Hi Ines, looking at the ner example here it would be nice to have more information about pattern files using the ner.teach recipe I am struggling to get multiword expressions or anything remotely useful pulled out. I am not sure if this is due to a malformed pattern file or if multiword expressions are impossible to extract.
@swartchris8 Have you seen the example patterns yet? The country patterns have a lot of multi-word examples in them. Under the hood, the token-based patterns follow the same logic as the patterns for spaCy's rule-based matcher. To test and debug the patterns interactively on your text, you might find our demo useful:
@ines Actually looking at the pattern explorer it is still not clear to me how to put lower case multi-string expressions. Or even just how to put longer text into the pattern demo. Out of vocab pattern words also seem to cause a bit of trouble. My intermediate solution was just using the “text” key:
{"label": "MINOR_HARM", "pattern": [{"text": "inconvenience"}, {"text":"let down"}, {"text":"upset"}, {"text":"dissatisfied"}, {"text":"dishonest"}, {"text":"no faith"}, {"text":"broken promises"}, {"text":"valuable time"}, {"text":"worried"}, {"text":"not listening"}, {"text":"frustrated"}, {"text":"disappointing"}, {"text":"misled"}, {"text":"time wasting"}, {"text":"time wasted"}, {"text":"does not care"}, {"text":"doesn't care"}, {"text":"fobbing off"}, {"text":"unprofessional"}, {"text":"schock"}, {"text":"frustrated"}, {"text":"annoyed"}, {"text":"loosed time"}, {"text":"loss of time"}, {"text":"irrititating"}, {"text":"ruined"}, {"text":"phone exchange took"}, {"text":"shamed"}, {"text":"emotionally"}, {"text":"calling repeatedly"}]}
@swartchris8 Each dictionary represents one token and each entry in the dictionary represents a token attribute. In the interactive demo, each block on the left represents one token, and each line represents a token attribute.
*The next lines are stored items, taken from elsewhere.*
(* Assume the linear band crossing and Band Crossing Scenario described in the context, with trajectory $(q(t),p(t))$ on $[0,t^* )$ and limit point $(q^*,p^* )$. (i) For all sufficiently small $\delta$ with $0<\delta<t^*$, the system $$\dot q_+=\partial_pE_+(p_+),\quad \dot p_+=-\partial_qW(q_+),\quad q_+(t^* )=q^*,\ p_+(t^* )=p^*$$ has a unique smooth solution $(q_+(t),p_+(t))\in\mathbb R\times U$ on $[t^*-\delta,t^*+\delta]$. This solution satisfies $(q(t),p(t))=(q_+(t),p_+(t))$ for all $t\in[t^*-\delta,t^* )$. (ii) For sufficiently small $T\ge t^*+\delta$, there exists a solution $(q_{n+1}(t),p_{n+1}(t))\in\mathbb R\times\mathcal B$ on $(t^*,T]$ of $$\dot q_{n+1}=\partial_pE_{n+1}(p_{n+1}),\quad \dot p_{n+1}=-\partial_qW(q_{n+1})$$ with $\lim_{t\downarrow t^*}(q_{n+1}(t),p_{n+1}(t))=(q^*,p^* )$ and $G(E_{n+1}(p_{n+1}(t)))>0$ for all $t\in(t^*,T]$. It satisfies $(q_+(t),p_+(t))=(q_{n+1}(t),p_{n+1}(t))$ for all $t\in(t^*,t^*+\delta]$. (iii) Consequently, the map $t\mapsto(\mathfrak q_+(t),\mathfrak p_+(t))$ is smooth as a map $[0,T]\to\mathbb R\times\mathcal B$. This map is defined as $(q(t),p(t))$ on $[0,t^*-\delta]$, as $(q_+(t),p_+(t))$ on $[t^*-\delta,t^*+\delta]$, and as $(q_{n+1}(t),p_{n+1}(t))$ on $[t^*+\delta,T]$.
   Context: **Potentials.** Let $V:\mathbb R\to\mathbb R$ be smooth and $1$-periodic, and let $W:\mathbb R\to\mathbb R$ be smooth with all derivatives bounded. **Bloch bands.** For $p\in\mathbb R$, $H(p):=\frac12(p-i\partial_z)^2+V(z)$ acts on $1$-periodic functions. Its eigenvalues, ordered with multiplicity, are $E_1(p)\le E_2(p)\le\cdots$, with normalized eigenfunctions $\chi_m(z;p)$ (inner product $\int_0^1\bar fg$). The Brillouin zone is $\mathcal B=[0,2\pi]$, and $G(E_m(p)):=\min_{m'\ne m}|E_m(p)-E_{m'}(p)|$. **Linear band crossing.** $U\subset\mathcal B$ is open with $p^*\in U$, and: - (A1) $E_n(p^* )=E_{n+1}(p^* )$, and this is the only degeneracy of $E_n,E_{n+1}$ in $U$. - (A2) There is $M>0$ with $|E_m(p)-E_{n+1}(p)|,|E_n(p)-E_m(p)|\ge M$ for all $p\in\overline U$ and all $m\notin\{n,n+1\}$. - (A3) The maps $(E_+,\chi_+):=(E_n,\chi_n)$ for $p<p^*$ and $(E_{n+1},\chi_{n+1})$ for $p\ge p^*$, and $(E_-,\chi_-):=(E_{n+1},\chi_{n+1})$ for $p<p^*$ and $(E_n,\chi_n)$ for $p\ge p^*$, are smooth on $U$. - (A4) $\partial_pE_+(p^* )>0$ and $\partial_pE_-(p^* )<0$. **Band Crossing Scenario.** $(q_0,p_0)\in\mathbb R\times\mathcal B$ with $G(E_n(p_0))>0$, and $t^*>0$, are such that $\dot q=\partial_pE_n(p)$, $\dot p=-\partial_qW(q)$, $(q(0),p(0))=(q_0,p_0)$ has a unique smooth solution $(q(t),p(t))\in\mathbb R\times\mathcal B$ on $[0,t^* )$. Along it $G(E_n(p(t)))>0$ for $t\in[0,t^* )$ and $\lim_{t\uparrow t^*}p(t)=p^*$. With $q^*:=\lim_{t\uparrow t^*}q(t)$, it is assumed that $-\partial_qW(q^* )>0$. *)

theory Defs
  imports "HOL-Analysis.Analysis"
begin
(* Let $Z\subseteq\Sigma^{\mathbb Z}$ be a sofic shift, $\tilde f:\mathbb R^n\times\Sigma\to\mathbb R^n$, and consider the switched system $x(k+1)=\tilde f(x(k),z_k)$ driven by $\bar z\in Z$ (i.e. $f(x,\bar z)=\tilde f(x,z_0)$). Let $(C_1,\dots,C_K)$ be any graph-induced covering of $Z$ and $\mathcal G$ any presentation of it. The system is globally uniformly asymptotically stable if and only if there exists a $\mathcal G$-based Lyapunov function for it.
   Context: $\Sigma$ nonempty countable alphabet; $\Sigma^{\mathbb Z}$ bi-infinite sequences $\bar z=(z_k)_{k\in\mathbb Z}$; $\sigma(\bar z)_k=z_{k+1}$. A labeled graph is $\mathcal G=(S,E)$, $S$ finite, $E\subseteq S\times S\times\Sigma$; standing assumption: every node has at least one incoming and one outgoing edge. A bi-infinite walk labeled by $\bar z$ is $(e_k)_{k\in\mathbb Z}$ with $e_k=(s_k,s_{k+1},z_k)\in E$, starting at $s_0$. $\mathcal Z(\mathcal G)$ / $\mathcal Z(\mathcal G,s)$: labels of all bi-infinite walks / those starting at $s$. Sofic shift: a set $\mathcal Z(\mathcal G)$. Graph-induced covering of $Z$ with presentation $\mathcal G$: a family $(C_1,\dots,C_K)$ with $\mathcal G$ having nodes $s_1,\dots,s_K$, $\mathcal Z(\mathcal G)=Z$ and $C_j=\mathcal Z(\mathcal G,s_j)$. $\Phi(k,x_0,\bar z)$ is the solution at time $k$ with $x(0)=x_0$. Class $\mathcal K_\infty$ and $\mathcal{KL}$ as usual. GUAS: there is $\beta\in\mathcal{KL}$ with $|\Phi(k,x_0,\bar z)|\le\beta(|x_0|,k)$ for all $k\in\mathbb N,x_0\in\mathbb R^n,\bar z\in Z$. A $\mathcal G$-based Lyapunov function is $W:\mathbb R^n\times\{1,\dots,K\}\to\mathbb R$ such that there are $\alpha_1,\alpha_2\in\mathcal K_\infty$, $\gamma\in[0,1)$ with $\alpha_1(|x|)\le W(x,j)\le\alpha_2(|x|)$ for all $x,j$ and $W(f(x,\bar z),l)\le\gamma W(x,j)$ for all $x$, all edges $(s_j,s_l,i)\in E$ and all $\bar z\in C_j$ with $z_0=i$, $\sigma(\bar z)\in C_l$ (for switched systems: $W(\tilde f(x,i),l)\le\gamma W(x,j)$ for every edge $(s_j,s_l,i)\in E$). *)

theory Defs
  imports "HOL-Analysis.Analysis" "HOL-Library.Countable"
begin

text \<open>Labeled graphs: nodes are 0,...,K-1 (node s_j is j-1), edges are triples
  (source, target, label).\<close>

definition labeled_graph :: "nat \<Rightarrow> (nat \<times> nat \<times> 'a) set \<Rightarrow> bool" where
  "labeled_graph K E \<longleftrightarrow>
     (\<forall>(j, l, i) \<in> E. j < K \<and> l < K) \<and>
     (\<forall>j<K. (\<exists>l i. (j, l, i) \<in> E) \<and> (\<exists>l i. (l, j, i) \<in> E))"

definition walk_labels_from :: "(nat \<times> nat \<times> 'a) set \<Rightarrow> nat \<Rightarrow> (int \<Rightarrow> 'a) set" where
  "walk_labels_from E s0 =
     {z. \<exists>s::int \<Rightarrow> nat. s 0 = s0 \<and> (\<forall>k. (s k, s (k + 1), z k) \<in> E)}"

definition walk_labels :: "(nat \<times> nat \<times> 'a) set \<Rightarrow> (int \<Rightarrow> 'a) set" where
  "walk_labels E = {z. \<exists>s::int \<Rightarrow> nat. \<forall>k. (s k, s (k + 1), z k) \<in> E}"

fun sw_sol :: "('x \<Rightarrow> 'a \<Rightarrow> 'x) \<Rightarrow> nat \<Rightarrow> 'x \<Rightarrow> (int \<Rightarrow> 'a) \<Rightarrow> 'x" where
  "sw_sol ft 0 x0 z = x0"
| "sw_sol ft (Suc k) x0 z = ft (sw_sol ft k x0 z) (z (int k))"

definition class_K :: "(real \<Rightarrow> real) \<Rightarrow> bool" where
  "class_K \<alpha> \<longleftrightarrow> continuous_on {0..} \<alpha> \<and> strict_mono_on {0..} \<alpha> \<and> \<alpha> 0 = 0"

definition class_K_inf :: "(real \<Rightarrow> real) \<Rightarrow> bool" where
  "class_K_inf \<alpha> \<longleftrightarrow> class_K \<alpha> \<and> filterlim \<alpha> at_top at_top"

definition class_KL :: "(real \<Rightarrow> real \<Rightarrow> real) \<Rightarrow> bool" where
  "class_KL \<beta> \<longleftrightarrow>
     (\<forall>t\<ge>0. class_K (\<lambda>r. \<beta> r t)) \<and>
     (\<forall>r\<ge>0. antimono_on {0..} (\<lambda>t. \<beta> r t) \<and> ((\<lambda>t. \<beta> r t) \<longlongrightarrow> 0) at_top)"

definition GUAS_sw :: "('x::real_normed_vector \<Rightarrow> 'a \<Rightarrow> 'x) \<Rightarrow> (int \<Rightarrow> 'a) set \<Rightarrow> bool" where
  "GUAS_sw ft Z \<longleftrightarrow> (\<exists>\<beta>. class_KL \<beta> \<and>
     (\<forall>k x0. \<forall>z\<in>Z. norm (sw_sol ft k x0 z) \<le> \<beta> (norm x0) (real k)))"

definition graph_lyapunov_sw ::
  "('x::real_normed_vector \<Rightarrow> 'a \<Rightarrow> 'x) \<Rightarrow> nat \<Rightarrow> (nat \<times> nat \<times> 'a) set \<Rightarrow> ('x \<Rightarrow> nat \<Rightarrow> real) \<Rightarrow> bool" where
  "graph_lyapunov_sw ft K E W \<longleftrightarrow>
     (\<exists>\<alpha>1 \<alpha>2 \<gamma>. class_K_inf \<alpha>1 \<and> class_K_inf \<alpha>2 \<and> 0 \<le> \<gamma> \<and> \<gamma> < 1 \<and>
        (\<forall>x. \<forall>j<K. \<alpha>1 (norm x) \<le> W x j \<and> W x j \<le> \<alpha>2 (norm x)) \<and>
        (\<forall>x. \<forall>(j, l, i) \<in> E. W (ft x i) l \<le> \<gamma> * W x j))"

end

theory Submission
  imports Defs
begin

text \<open>
  If W is a graph-based Lyapunov function, then along any walk the value of W contracts by the
  factor gamma at every step, so alpha1 |x(k)| \<le> gamma^k alpha2 |x(0)|, and inverting alpha1
  gives a KL bound.

  Conversely, a KL bound beta admits class K-infinity functions alpha1, alpha2 with
  2^k alpha1 (beta r k) \<le> alpha2 r, a discrete form of Sontag's KL-lemma: alpha1 is made so
  flat near 0 that it absorbs the factor 2^k while beta r k decays. Then
  W x j = sup {2^k alpha1 |x(k)| : k \<in> \<nat>, x(0) = x, x driven by the labels of a one-sided
  walk from node j}
  lies between alpha1 |x| (take k = 0) and alpha2 |x|, and since prepending an edge (j, l, i) to a
  walk from l yields a walk from j and shifts time by one, W (f x i) l \<le> W x j / 2.
\<close>

section \<open>Class K functions\<close>

lemma class_K_less: "class_K a \<Longrightarrow> 0 \<le> x \<Longrightarrow> x < y \<Longrightarrow> a x < a y"
  unfolding class_K_def by (auto intro: strict_mono_onD)

lemma class_K_le: "class_K a \<Longrightarrow> 0 \<le> x \<Longrightarrow> x \<le> y \<Longrightarrow> a x \<le> a y"
  by (metis class_K_less order_le_less)

lemma class_K_le_iff: "class_K a \<Longrightarrow> 0 \<le> x \<Longrightarrow> 0 \<le> y \<Longrightarrow> a x \<le> a y \<longleftrightarrow> x \<le> y"
  by (meson class_K_le class_K_less not_le)

lemma class_K_zero: "class_K a \<Longrightarrow> a 0 = 0"
  unfolding class_K_def by auto

lemma class_K_nonneg: "class_K a \<Longrightarrow> 0 \<le> x \<Longrightarrow> 0 \<le> a x"
  using class_K_le[of a 0 x] class_K_zero[of a] by auto

lemma class_K_continuous: "class_K a \<Longrightarrow> continuous_on {0..} a"
  unfolding class_K_def by auto

lemma class_K_infD: "class_K_inf a \<Longrightarrow> class_K a"
  unfolding class_K_inf_def by auto

lemma class_K_inf_surj:
  assumes "class_K_inf a" "0 \<le> y"
  shows "\<exists>x\<ge>0. a x = y"
proof -
  have K: "class_K a" using assms(1) by (rule class_K_infD)
  have "eventually (\<lambda>x. y \<le> a x) at_top"
    using assms(1) unfolding class_K_inf_def by (simp add: filterlim_at_top)
  then obtain X where X: "\<And>x. x \<ge> X \<Longrightarrow> y \<le> a x" by (auto simp: eventually_at_top_linorder)
  have "continuous_on {0..max X 0} a"
    using class_K_continuous[OF K] by (rule continuous_on_subset) auto
  then obtain x where "0 \<le> x" "a x = y"
    using IVT'[of a 0 y "max X 0"] X[of "max X 0"] class_K_zero[OF K] assms(2) by auto
  then show ?thesis by auto
qed
(* Let $N\ge 1$ be an integer and let $W = 1+\sum_{n=1}^\infty w_n\Lambda^{-n}$ be the dressing operator of a solution of the extended lattice Gelfand–Dickey hierarchy of order $N$ (defined in the context). Let $\Psi(s,\boldsymbol{t},\boldsymbol{x},z)$ and $\Psi^*(s,\boldsymbol{t},\boldsymbol{x},z)$ be the associated wave function and dual wave function. Then for every pair $\boldsymbol{\alpha}=(\alpha_k)_{k=1}^\infty$, $\boldsymbol{\beta}=(\beta_k)_{k=1}^\infty$ of arbitrary constants, every independent copy $\boldsymbol{t}'=(t'_k)_{k=1}^\infty$ of the variables $\boldsymbol{t}$, and all $s,s'$ with $m\in\mathbb{Z}_{\ge 0}$ and $(s-s')/\hbar\in\mathbb{Z}_{\ge 0}$, \[ \oint\frac{dz}{2\pi i}\,z^{mN}\, \Psi\big(s - \xi(\boldsymbol{\alpha},z^N),\boldsymbol{t},\boldsymbol{x}+\boldsymbol{\alpha},z\big)\, \Psi^*\big(s' - \xi(\boldsymbol{\beta},z^N),\boldsymbol{t}',\boldsymbol{x}+\boldsymbol{\beta},z\big) = 0, \] where $\xi(\boldsymbol{\alpha},w)=\sum_{k\ge1}\alpha_k w^k$.
   Context: Let $\hbar$ be a parameter, $s$ a continuous variable, and $\Lambda = e^{\hbar\partial_s}$ the shift operator, $\Lambda f(s) = f(s+\hbar)$. Difference (pseudo-difference) operators are formal sums $\sum_n a_n\Lambda^n$ whose coefficients depend on $\hbar$, $s$, $\boldsymbol{t}=(t_k)_{k\ge1}$, $\boldsymbol{x}=(x_k)_{k\ge1}$; $(\ )_{\ge0}$ and $(\ )_{<0}$ denote the projections $\sum_n a_n\Lambda^n\mapsto\sum_{n\ge0}a_n\Lambda^n$ and $\mapsto\sum_{n<0}a_n\Lambda^n$. A dressing operator $W=1+\sum_{n\ge1}w_n\Lambda^{-n}$ is a solution of the extended lattice Gelfand–Dickey hierarchy of order $N$ if $\mathfrak{L}=W\Lambda^NW^{-1}$ has no negative powers of $\Lambda$ (so $\mathfrak{L}=\Lambda^N+b_1\Lambda^{N-1}+\cdots+b_N$) and $W$ satisfies the Sato equations $\hbar\,\partial W/\partial t_k = B_kW - W\Lambda^k$ with $B_k=(W\Lambda^kW^{-1})_{\ge0}=(\mathfrak{L}^{k/N})_{\ge 0}$, and $\hbar\,\partial W/\partial x_k = \mathfrak{L}^k\hbar\,\partial W/\partial s + P_kW$ with $P_k = -\big(\mathfrak{L}^k\hbar\,(\partial W/\partial s)W^{-1}\big)_{\ge0}$, for $k=1,2,\dots$. Let $\xi(\boldsymbol{t},z)=\sum_{k\ge1}t_kz^k$. The wave function is $\Psi = \big(1+\sum_{n\ge1}w_nz^{-n}\big)z^{s/\hbar}\exp\big(\hbar^{-1}\xi(\boldsymbol{t},z)+\hbar^{-1}\xi(\boldsymbol{x},z^N)\log z\big)$, and the dual wave function is $\Psi^* = \big(1+\sum_{n\ge1}w^*_nz^{-n}\big)z^{-s/\hbar}\exp\big(-\hbar^{-1}\xi(\boldsymbol{t},z)-\hbar^{-1}\xi(\boldsymbol{x},z^N)\log z\big)$, where the coefficients $w_n^*$ are defined by $1+\sum_{n\ge1}w^*_n\Lambda^n=\Lambda^{-1}(W^* )^{-1}\Lambda$ with $W^*=1+\sum_{n\ge1}w_n|_{s\to s+n\hbar}\Lambda^n$ the formal adjoint of $W$. Here $z^{a/\hbar}$ means $\exp(\hbar^{-1}a\log z)$; substituting arguments as in the claim affects both the coefficients and these factors, and in the product the $\log z$ factors combine to the integer power $z^{(s-s')/\hbar}$, so the integrand is a formal Laurent series in $z$ (with coefficients formal in $\boldsymbol{\alpha},\boldsymbol{\beta}$). $\oint\frac{dz}{2\pi i}$ denotes the residue, i.e. the coefficient of $z^{-1}$. *)

theory Defs
  imports "HOL-Analysis.Analysis"
begin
So if you want to match a phrase like “hello world”, you could write a pattern like this:
{"label": "SOME_LABEL", "pattern": [{"lower": "hello"}, {"lower": "world"}]}
This will match a sequence of two tokens: one whose lowercase form matches “hello” and one whose lowercase form matches “world”. So for example, “hello world”, “HELLO world”, “hElLo WoRlD” and so on. See here for the example in the demo.
For more advanced examples using other token attributes, see the spaCy documentation. Token-based patterns are very powerful, because they let you use a variety of attributes – for example, you could write {"lemma": "have"}
to match all tokens with the base form “have” (“have”, “had”, “having” etc). However, you need to pay close attention to spaCy’s tokenization. If you describe two tokens and spaCy’s tokenizer doesn’t split them into two tokens, your pattern will never match.
If you already have word lists and are only interested in exact string matches, you could also write string patterns instead:
{"label": "SOME_LABEL", "pattern": "Hello world"}
This will match the exact phrase “Hello world” (case sensitive).